Fun that you quote Pablo Clito Picasso, because he is a good example of the reverse of Andy Warhol whose style didn't move all his career (for what I have been said), while Picasso 's style evolved constantly from the beginning of his work until the end.(for what I could see with my eyes)

Finally, have you seen the movie I quote? Bushmen discover in the jungle a coke bottle (like your heart I dislike that too) and are puzzled about which magic sign, a message from the gods it may be - and where the strange object, which may be a remain of a disappeared civilisation, first is useful for everybody until it causes fights among people and they decide to get rid of it..

(the link you give does not work, but although I don't live in your western world, I can see what you mean)

Cecilio Morales said...

Genevieve, a vehicle is not for communicating, it is for transporting.

In the United States we have abolished slavery, so Heart could never be "mine," but her sense of the subversive seems to be quite different from yours, as -- politics aside -- Goya was expressing the conventional sense of tension in his part of the baroque era.

Picasso's legit short name was Pablo Ruiz y Picasso, or Pablo Ruiz, with Clito being merely one of his many forenames.

The bushmen in "The Gods Must Be Crazy" find a Coke bottle, not a Coke sign.

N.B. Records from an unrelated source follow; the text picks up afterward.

(* Let $X$ be a nonempty set, $f:X\to X$ a function, and $\tau_2$ the fuzzy topology on $X$ defined below. Then $f:(X,\tau_2)\to(X,\tau_2)$ is open if and only if $f$ is onto.
   Context: A fuzzy subset of $X$ is a function $\mu:X\to[0,1]$; union is the pointwise supremum, intersection the pointwise minimum; $\emptyset$ is the constant $0$ and $X$ the constant $1$. A fuzzy topology is a family of fuzzy subsets containing $\emptyset$ and $X$, closed under arbitrary unions and finite intersections; the topology generated by a base $\mathbb{B}$ consists of $\emptyset$ and all unions of subfamilies of $\mathbb{B}$. $\mathbb{N}=\{1,2,\dots\}$, $f^0=\mathrm{id}_X$, $f^{n+1}=f^n\circ f$. Definition of $\tau_2$: $J_0=\bigcap_{n\in\mathbb{N}} f^n(X)$, $J_n=f^{n-1}(X)\setminus f^n(X)$ for $n\in\mathbb{N}$; for $m\in\mathbb{N}$, $\mu_{K_m}(x)=\min\{1,n/m\}$ if $x\in J_n$ with $n\ge1$, and $\mu_{K_m}(x)=1$ otherwise; $\tau_2$ is generated by the base $\{K_m:m\in\mathbb{N}\}$. The image of a fuzzy set $A$ is $\mu_{f(A)}(y)=\sup\{\mu_A(x):f(x)=y\}$, and $0$ if $y\notin f(X)$. $f$ is open if $f(U)$ is open for every open fuzzy set $U$. *)

theory Defs
  imports Main Complex_Main
begin

text \<open>Fuzzy subsets of the type 'a (the ambient set X = UNIV) are functions 'a => real
  with values in [0,1].  Union = pointwise supremum.\<close>

definition fuzzy_empty :: "'a \<Rightarrow> real" where
  "fuzzy_empty = (\<lambda>x. 0)"

definition fuzzy_Union :: "('a \<Rightarrow> real) set \<Rightarrow> ('a \<Rightarrow> real)" where
  "fuzzy_Union B = (\<lambda>x. if B = {} then 0 else (SUP \<mu>\<in>B. \<mu> x))"

definition generated_topology :: "('a \<Rightarrow> real) set \<Rightarrow> ('a \<Rightarrow> real) set" where
  "generated_topology Base = {fuzzy_empty} \<union> {fuzzy_Union B | B. B \<subseteq> Base}"

definition J0 :: "('a \<Rightarrow> 'a) \<Rightarrow> 'a set" where
  "J0 f = (\<Inter>n\<in>{1..}. range (f ^^ n))"

definition J :: "('a \<Rightarrow> 'a) \<Rightarrow> nat \<Rightarrow> 'a set" where
  "J f n = range (f ^^ (n - 1)) - range (f ^^ n)"

definition K :: "('a \<Rightarrow> 'a) \<Rightarrow> nat \<Rightarrow> 'a \<Rightarrow> real" where
  "K f m x = (if \<exists>n\<ge>1. x \<in> J f n
              then min 1 (real (THE n. n \<ge> 1 \<and> x \<in> J f n) / real m)
              else 1)"

definition tau2 :: "('a \<Rightarrow> 'a) \<Rightarrow> ('a \<Rightarrow> real) set" where
  "tau2 f = generated_topology {K f m | m. m \<ge> 1}"

definition fuzzy_image :: "('a \<Rightarrow> 'b) \<Rightarrow> ('a \<Rightarrow> real) \<Rightarrow> ('b \<Rightarrow> real)" where
  "fuzzy_image f A = (\<lambda>y. if y \<in> range f then (SUP x\<in>f -` {y}. A x) else 0)"

definition fuzzy_open_map :: "('a \<Rightarrow> real) set \<Rightarrow> ('b \<Rightarrow> real) set \<Rightarrow> ('a \<Rightarrow> 'b) \<Rightarrow> bool" where
  "fuzzy_open_map T S f = (\<forall>U\<in>T. fuzzy_image f U \<in> S)"

end

theory Submission
  imports Defs
begin

text \<open>Every basic open set \<open>K f m\<close> is strictly positive everywhere, so every nonempty open set
  of \<open>\<tau>\<^sub>2\<close> is strictly positive everywhere.  The whole space \<open>K f 1\<close> is open, and its image
  vanishes exactly off \<open>range f\<close>; hence openness of \<open>f\<close> forces \<open>f\<close> to be onto.  Conversely, for
  onto \<open>f\<close> all the sets \<open>J f n\<close> are empty, \<open>\<tau>\<^sub>2\<close> is the indiscrete topology, and the image of a
  constant fuzzy set under an onto map is the same constant.\<close>

lemma range_funpow_antimono:
  fixes f :: "'a \<Rightarrow> 'a"
  assumes "b \<le> a"
  shows "range (f ^^ a) \<subseteq> range (f ^^ b)"
proof -
  have "f ^^ a = f ^^ b \<circ> f ^^ (a - b)"
    using assms funpow_add[of b "a - b" f] by simp
  then show ?thesis by auto
qed

lemma J_unique:
  assumes "n \<ge> 1" "k \<ge> 1" "x \<in> J f n" "x \<in> J f k"
  shows "n = k"
proof (rule ccontr)
  assume "n \<noteq> k"
  then consider "n < k" | "k < n" by linarith
  then show False
  proof cases
    case 1
    then have "range (f ^^ (k - 1)) \<subseteq> range (f ^^ n)" by (intro range_funpow_antimono) simp
    then show False using assms(3,4) unfolding J_def by blast
  next
    case 2
    then have "range (f ^^ (n - 1)) \<subseteq> range (f ^^ k)" by (intro range_funpow_antimono) simp
    then show False using assms(3,4) unfolding J_def by blast
  qed
qed

lemma THE_J:
  assumes "n \<ge> 1" "x \<in> J f n"
  shows "(THE n. n \<ge> 1 \<and> x \<in> J f n) = n"
  using assms J_unique[of _ n x f] by (intro the_equality) blast+

lemma K_eq_J:
  assumes "n \<ge> 1" "x \<in> J f n"
  shows "K f m x = min 1 (real n / real m)"
  using assms THE_J[OF assms] unfolding K_def by auto

lemma K_outside_J:
  assumes "\<not> (\<exists>n\<ge>1. x \<in> J f n)"
  shows "K f m x = 1"
  unfolding K_def using assms by (rule if_not_P)

lemma K_pos:
  assumes "m \<ge> 1"
  shows "0 < K f m x"
proof (cases "\<exists>n\<ge>1. x \<in> J f n")
  case True
  then obtain n where "n \<ge> 1" "x \<in> J f n" by blast
  then show ?thesis using assms K_eq_J[of n x f m] by simp
qed (simp add: K_outside_J)

lemma K_le_one: "K f m x \<le> 1"
  unfolding K_def by simp

lemma K_one: "K f 1 = (\<lambda>x. 1)"
proof
  fix x
  show "K f 1 x = 1"
  proof (cases "\<exists>n\<ge>1. x \<in> J f n")
    case True
    then obtain n where "n \<ge> 1" "x \<in> J f n" by blast
    then show ?thesis using K_eq_J[of n x f 1] by simp
  qed (rule K_outside_J)
qed

lemma K_surj:
  assumes "surj f"
  shows "K f m = (\<lambda>x. 1)"
proof -
  have "J f n = {}" for n
    using surj_fn[OF assms] unfolding J_def by simp
  then show ?thesis unfolding K_def by simp
qed

lemma fuzzy_Union_singleton: "fuzzy_Union {\<mu>} = \<mu>"
  unfolding fuzzy_Union_def by simp

lemma fuzzy_Union_pos:
  assumes "B \<noteq> {}" "\<And>\<mu>. \<mu> \<in> B \<Longrightarrow> 0 < \<mu> x" "\<And>\<mu>. \<mu> \<in> B \<Longrightarrow> \<mu> x \<le> c"
  shows "0 < fuzzy_Union B x"
proof -
  obtain \<mu> where \<mu>: "\<mu> \<in> B" using assms(1) by blast
  have "bdd_above ((\<lambda>\<mu>. \<mu> x) ` B)" using assms(3) by (intro bdd_aboveI) auto
  then have "\<mu> x \<le> (SUP \<nu>\<in>B. \<nu> x)" using \<mu> by (rule cSUP_upper[rotated])
  then show ?thesis using assms(1) assms(2)[OF \<mu>] by (simp add: fuzzy_Union_def)
qed

lemma base_subset_generated_topology: "Base \<subseteq> generated_topology Base"
  unfolding generated_topology_def by (force simp: fuzzy_Union_singleton)

lemma fuzzy_empty_in_generated_topology: "fuzzy_empty \<in> generated_topology Base"
  unfolding generated_topology_def by simp

lemma tau2_open_pos:
  assumes "U \<in> tau2 f" "U \<noteq> fuzzy_empty"
  shows "0 < U x"
proof -
  obtain B where B: "B \<subseteq> {K f m | m. m \<ge> 1}" "U = fuzzy_Union B"
    using assms unfolding tau2_def generated_topology_def by blast
  have "B \<noteq> {}"
    using assms(2) B(2) by (auto simp: fuzzy_Union_def fuzzy_empty_def)
  with B show ?thesis
    by (auto intro!: fuzzy_Union_pos[where c = 1] K_pos K_le_one)
qed

lemma whole_space_in_tau2: "(\<lambda>x. 1) \<in> tau2 f"
  using base_subset_generated_topology K_one[of f] unfolding tau2_def by force

lemma tau2_surj:
  assumes "surj f"
  shows "tau2 f = {fuzzy_empty, (\<lambda>x. 1)}"
proof
  show "tau2 f \<subseteq> {fuzzy_empty, (\<lambda>x. 1)}"
  proof
    fix U assume "U \<in> tau2 f"
    then obtain B where "B \<subseteq> {(\<lambda>x. 1)}" "U = fuzzy_empty \<or> U = fuzzy_Union B"
      unfolding tau2_def generated_topology_def K_surj[OF assms] by auto
    then show "U \<in> {fuzzy_empty, (\<lambda>x. 1)}"
      by (auto simp: subset_singleton_iff fuzzy_Union_def fuzzy_empty_def)
  qed
  show "{fuzzy_empty, (\<lambda>x. 1)} \<subseteq> tau2 f"
    using whole_space_in_tau2 by (simp add: tau2_def fuzzy_empty_in_generated_topology)
qed

lemma fuzzy_image_outside_range: "y \<notin> range f \<Longrightarrow> fuzzy_image f A y = 0"
  unfolding fuzzy_image_def by simp

lemma fuzzy_image_const_on_range:
  assumes "y \<in> range f"
  shows "fuzzy_image f (\<lambda>x. c) y = c"
proof -
  have "f -` {y} \<noteq> {}" using assms by blast
  then show ?thesis using assms unfolding fuzzy_image_def by simp
qed

lemma fuzzy_image_const_surj: "surj f \<Longrightarrow> fuzzy_image f (\<lambda>x. c) = (\<lambda>y. c)"
  using fuzzy_image_const_on_range[of _ f c] by auto

theorem theorem2p10:
  fixes f :: "'a \<Rightarrow> 'a"
  shows "fuzzy_open_map (tau2 f) (tau2 f) f \<longleftrightarrow> surj f"
proof
  assume "fuzzy_open_map (tau2 f) (tau2 f) f"
  then have open_image: "fuzzy_image f (\<lambda>x. 1) \<in> tau2 f"
    using whole_space_in_tau2 unfolding fuzzy_open_map_def by blast
  have "fuzzy_image f (\<lambda>x. 1) (f x) = 1" for x
    by (simp add: fuzzy_image_const_on_range)
  then have "fuzzy_image f (\<lambda>x. 1) \<noteq> fuzzy_empty"
    by (metis fuzzy_empty_def zero_neq_one)
  then have "0 < fuzzy_image f (\<lambda>x. 1) y" for y
    using open_image by (rule tau2_open_pos[rotated])
  then show "surj f"
    using fuzzy_image_outside_range by (metis less_irrefl surj_def rangeE)
next
  assume "surj f"
  then show "fuzzy_open_map (tau2 f) (tau2 f) f"
    unfolding fuzzy_open_map_def tau2_surj[OF \<open>surj f\<close>] fuzzy_empty_def
    by (simp add: fuzzy_image_const_surj)
qed

end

For a sign see http://www.coca-colastore.com/ and look for signs. I mean the round ones.

Anonymous said...

VEHICLE


"From Webster:

Function: noun Etymology: French véhicule, from Latin vehiculum carriage, conveyance, from vehere to carry — more at way Date: 1612

1 a: an inert medium (as a syrup) in which a medicinally active agent is administered b: any of various media acting usually as solvents, carriers, or binders for active ingredients or pigments

2: an agent of transmission : carrier

3: a medium through which something is expressed, achieved, or displayed: an investment vehicle ; especially : a work created especially to display the talents of a particular performer

4: a means of carrying or transporting something: planes, trains, and other vehicles: as a: motor vehicle b: a piece of mechanized equipment"

Goya, baroque era???!!! OK I give up.